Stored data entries

▽

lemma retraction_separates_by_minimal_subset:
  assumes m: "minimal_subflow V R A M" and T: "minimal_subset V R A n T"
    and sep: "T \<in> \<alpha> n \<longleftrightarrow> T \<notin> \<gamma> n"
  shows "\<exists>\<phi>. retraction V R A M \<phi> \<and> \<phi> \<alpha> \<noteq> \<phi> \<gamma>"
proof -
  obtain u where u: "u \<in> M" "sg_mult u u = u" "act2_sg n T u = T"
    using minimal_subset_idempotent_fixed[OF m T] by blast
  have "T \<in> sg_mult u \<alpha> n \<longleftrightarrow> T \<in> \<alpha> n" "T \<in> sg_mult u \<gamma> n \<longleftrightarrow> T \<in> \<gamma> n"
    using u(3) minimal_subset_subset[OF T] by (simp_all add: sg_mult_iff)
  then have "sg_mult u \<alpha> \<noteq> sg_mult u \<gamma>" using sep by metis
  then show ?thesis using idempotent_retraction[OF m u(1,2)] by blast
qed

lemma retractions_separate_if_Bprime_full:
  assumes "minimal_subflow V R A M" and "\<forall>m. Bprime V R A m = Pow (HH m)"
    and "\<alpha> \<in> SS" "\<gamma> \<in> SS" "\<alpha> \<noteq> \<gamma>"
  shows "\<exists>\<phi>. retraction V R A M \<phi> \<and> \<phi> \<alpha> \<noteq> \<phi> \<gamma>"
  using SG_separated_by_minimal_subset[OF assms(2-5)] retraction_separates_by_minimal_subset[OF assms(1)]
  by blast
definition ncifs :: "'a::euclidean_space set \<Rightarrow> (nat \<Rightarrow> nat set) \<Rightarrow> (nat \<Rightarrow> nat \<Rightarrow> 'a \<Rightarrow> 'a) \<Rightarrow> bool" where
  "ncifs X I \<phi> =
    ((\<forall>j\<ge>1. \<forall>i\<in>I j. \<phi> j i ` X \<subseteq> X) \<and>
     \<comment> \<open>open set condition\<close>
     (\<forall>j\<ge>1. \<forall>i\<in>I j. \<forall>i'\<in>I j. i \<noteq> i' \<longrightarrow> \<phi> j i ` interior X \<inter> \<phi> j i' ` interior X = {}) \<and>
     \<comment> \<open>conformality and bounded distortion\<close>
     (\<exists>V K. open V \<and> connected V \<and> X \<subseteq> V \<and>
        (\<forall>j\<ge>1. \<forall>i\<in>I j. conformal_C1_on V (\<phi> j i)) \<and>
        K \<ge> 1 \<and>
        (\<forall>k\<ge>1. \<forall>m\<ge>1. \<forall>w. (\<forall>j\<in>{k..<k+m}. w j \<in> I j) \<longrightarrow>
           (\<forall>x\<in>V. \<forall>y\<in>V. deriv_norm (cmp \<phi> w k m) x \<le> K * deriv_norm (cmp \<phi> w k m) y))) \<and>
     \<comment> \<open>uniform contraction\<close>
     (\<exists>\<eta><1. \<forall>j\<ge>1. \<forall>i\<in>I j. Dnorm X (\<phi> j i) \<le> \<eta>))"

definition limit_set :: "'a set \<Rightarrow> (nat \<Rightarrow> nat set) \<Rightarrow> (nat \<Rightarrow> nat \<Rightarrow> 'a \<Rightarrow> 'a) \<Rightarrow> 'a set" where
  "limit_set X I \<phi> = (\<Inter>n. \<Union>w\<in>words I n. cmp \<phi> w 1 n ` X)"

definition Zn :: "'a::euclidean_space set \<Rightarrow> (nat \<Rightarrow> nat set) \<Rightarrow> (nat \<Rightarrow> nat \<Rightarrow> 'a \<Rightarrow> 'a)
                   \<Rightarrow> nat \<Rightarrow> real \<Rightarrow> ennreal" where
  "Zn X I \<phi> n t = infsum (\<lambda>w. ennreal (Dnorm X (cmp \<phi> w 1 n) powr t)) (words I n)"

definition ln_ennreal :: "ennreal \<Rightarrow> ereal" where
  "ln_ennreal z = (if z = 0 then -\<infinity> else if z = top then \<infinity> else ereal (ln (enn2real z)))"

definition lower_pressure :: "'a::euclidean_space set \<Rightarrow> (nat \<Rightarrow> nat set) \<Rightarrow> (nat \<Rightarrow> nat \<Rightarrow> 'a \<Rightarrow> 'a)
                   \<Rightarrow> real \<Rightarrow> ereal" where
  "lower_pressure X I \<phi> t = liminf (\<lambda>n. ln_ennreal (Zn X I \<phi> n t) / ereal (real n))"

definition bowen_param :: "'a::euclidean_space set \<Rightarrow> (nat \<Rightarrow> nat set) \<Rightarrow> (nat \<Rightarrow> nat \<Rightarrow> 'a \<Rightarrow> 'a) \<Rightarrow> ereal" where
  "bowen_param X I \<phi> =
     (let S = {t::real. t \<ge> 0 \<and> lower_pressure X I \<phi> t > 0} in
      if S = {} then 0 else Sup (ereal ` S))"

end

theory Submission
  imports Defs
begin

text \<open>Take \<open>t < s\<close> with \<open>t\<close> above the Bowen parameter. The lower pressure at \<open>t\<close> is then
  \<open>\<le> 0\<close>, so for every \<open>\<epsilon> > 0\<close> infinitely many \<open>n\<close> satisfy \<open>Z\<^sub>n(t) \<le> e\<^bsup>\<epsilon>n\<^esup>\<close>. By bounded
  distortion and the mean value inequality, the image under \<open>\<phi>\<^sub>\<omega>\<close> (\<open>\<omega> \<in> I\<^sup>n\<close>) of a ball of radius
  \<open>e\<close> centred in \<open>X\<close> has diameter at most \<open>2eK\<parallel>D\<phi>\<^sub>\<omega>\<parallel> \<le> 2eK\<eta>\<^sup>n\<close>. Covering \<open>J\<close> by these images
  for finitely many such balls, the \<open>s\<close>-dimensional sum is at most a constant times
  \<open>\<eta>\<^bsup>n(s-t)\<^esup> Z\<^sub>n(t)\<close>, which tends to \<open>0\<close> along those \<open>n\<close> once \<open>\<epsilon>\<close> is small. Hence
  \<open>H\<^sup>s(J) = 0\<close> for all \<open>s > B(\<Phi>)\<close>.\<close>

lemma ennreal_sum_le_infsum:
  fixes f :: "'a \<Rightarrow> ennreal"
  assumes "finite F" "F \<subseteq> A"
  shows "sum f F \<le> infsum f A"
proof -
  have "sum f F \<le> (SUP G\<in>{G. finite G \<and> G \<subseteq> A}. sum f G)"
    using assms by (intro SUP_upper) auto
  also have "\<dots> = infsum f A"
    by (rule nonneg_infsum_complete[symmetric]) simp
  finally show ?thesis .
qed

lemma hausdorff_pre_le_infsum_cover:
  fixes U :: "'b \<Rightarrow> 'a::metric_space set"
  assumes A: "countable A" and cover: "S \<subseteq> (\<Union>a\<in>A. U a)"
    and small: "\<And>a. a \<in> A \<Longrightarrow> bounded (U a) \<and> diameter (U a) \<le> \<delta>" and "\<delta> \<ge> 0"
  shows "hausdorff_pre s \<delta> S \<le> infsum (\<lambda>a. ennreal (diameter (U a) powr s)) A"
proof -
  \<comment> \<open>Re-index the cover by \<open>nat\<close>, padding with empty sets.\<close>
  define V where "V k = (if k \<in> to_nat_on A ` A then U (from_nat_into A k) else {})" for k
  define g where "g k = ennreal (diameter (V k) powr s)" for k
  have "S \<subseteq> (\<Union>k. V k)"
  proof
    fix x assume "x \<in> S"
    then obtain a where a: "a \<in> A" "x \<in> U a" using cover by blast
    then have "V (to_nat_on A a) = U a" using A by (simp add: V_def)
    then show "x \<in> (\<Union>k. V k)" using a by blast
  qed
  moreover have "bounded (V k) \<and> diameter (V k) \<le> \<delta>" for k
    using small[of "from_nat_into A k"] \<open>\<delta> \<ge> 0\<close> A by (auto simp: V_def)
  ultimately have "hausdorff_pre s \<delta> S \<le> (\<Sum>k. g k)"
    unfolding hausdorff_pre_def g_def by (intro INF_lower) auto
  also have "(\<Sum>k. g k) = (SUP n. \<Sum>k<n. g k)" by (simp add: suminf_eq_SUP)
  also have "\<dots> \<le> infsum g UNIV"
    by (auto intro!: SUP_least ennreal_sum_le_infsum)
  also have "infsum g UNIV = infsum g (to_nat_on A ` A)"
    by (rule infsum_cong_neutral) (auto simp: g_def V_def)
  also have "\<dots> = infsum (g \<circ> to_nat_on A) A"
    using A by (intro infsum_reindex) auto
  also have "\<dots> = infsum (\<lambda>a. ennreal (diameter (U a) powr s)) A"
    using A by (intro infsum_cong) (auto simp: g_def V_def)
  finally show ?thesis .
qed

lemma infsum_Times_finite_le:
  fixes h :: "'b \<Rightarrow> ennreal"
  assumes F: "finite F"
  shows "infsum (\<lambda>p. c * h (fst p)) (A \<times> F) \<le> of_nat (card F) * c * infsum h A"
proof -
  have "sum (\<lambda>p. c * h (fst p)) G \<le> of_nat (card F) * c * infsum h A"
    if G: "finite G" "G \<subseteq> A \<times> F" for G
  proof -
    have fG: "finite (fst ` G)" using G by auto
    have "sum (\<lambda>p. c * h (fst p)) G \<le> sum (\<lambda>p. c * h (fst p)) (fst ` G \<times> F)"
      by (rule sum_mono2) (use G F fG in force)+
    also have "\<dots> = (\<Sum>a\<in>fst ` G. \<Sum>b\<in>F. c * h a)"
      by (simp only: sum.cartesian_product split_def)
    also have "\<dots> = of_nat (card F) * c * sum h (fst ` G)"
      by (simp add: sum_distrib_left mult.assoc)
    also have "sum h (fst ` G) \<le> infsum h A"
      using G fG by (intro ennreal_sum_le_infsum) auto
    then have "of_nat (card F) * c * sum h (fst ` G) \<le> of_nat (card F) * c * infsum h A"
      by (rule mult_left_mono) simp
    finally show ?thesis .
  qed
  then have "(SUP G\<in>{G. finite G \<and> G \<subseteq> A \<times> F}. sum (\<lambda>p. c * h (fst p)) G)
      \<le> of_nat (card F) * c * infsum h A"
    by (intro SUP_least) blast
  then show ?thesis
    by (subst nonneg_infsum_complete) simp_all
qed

△

[What you will do]: Show the lines above with "blast".

[Written solution]:
    using minimal_subset_idempotent_fixed[OF m T] by blast
  then show ?thesis using idempotent_retraction[OF m u(1,2)] by blast
  by blast
    then obtain a where a: "a \<in> A" "x \<in> U a" using cover by blast
    then show "x \<in> (\<Union>k. V k)" using a by blast
    by (intro SUP_least) blast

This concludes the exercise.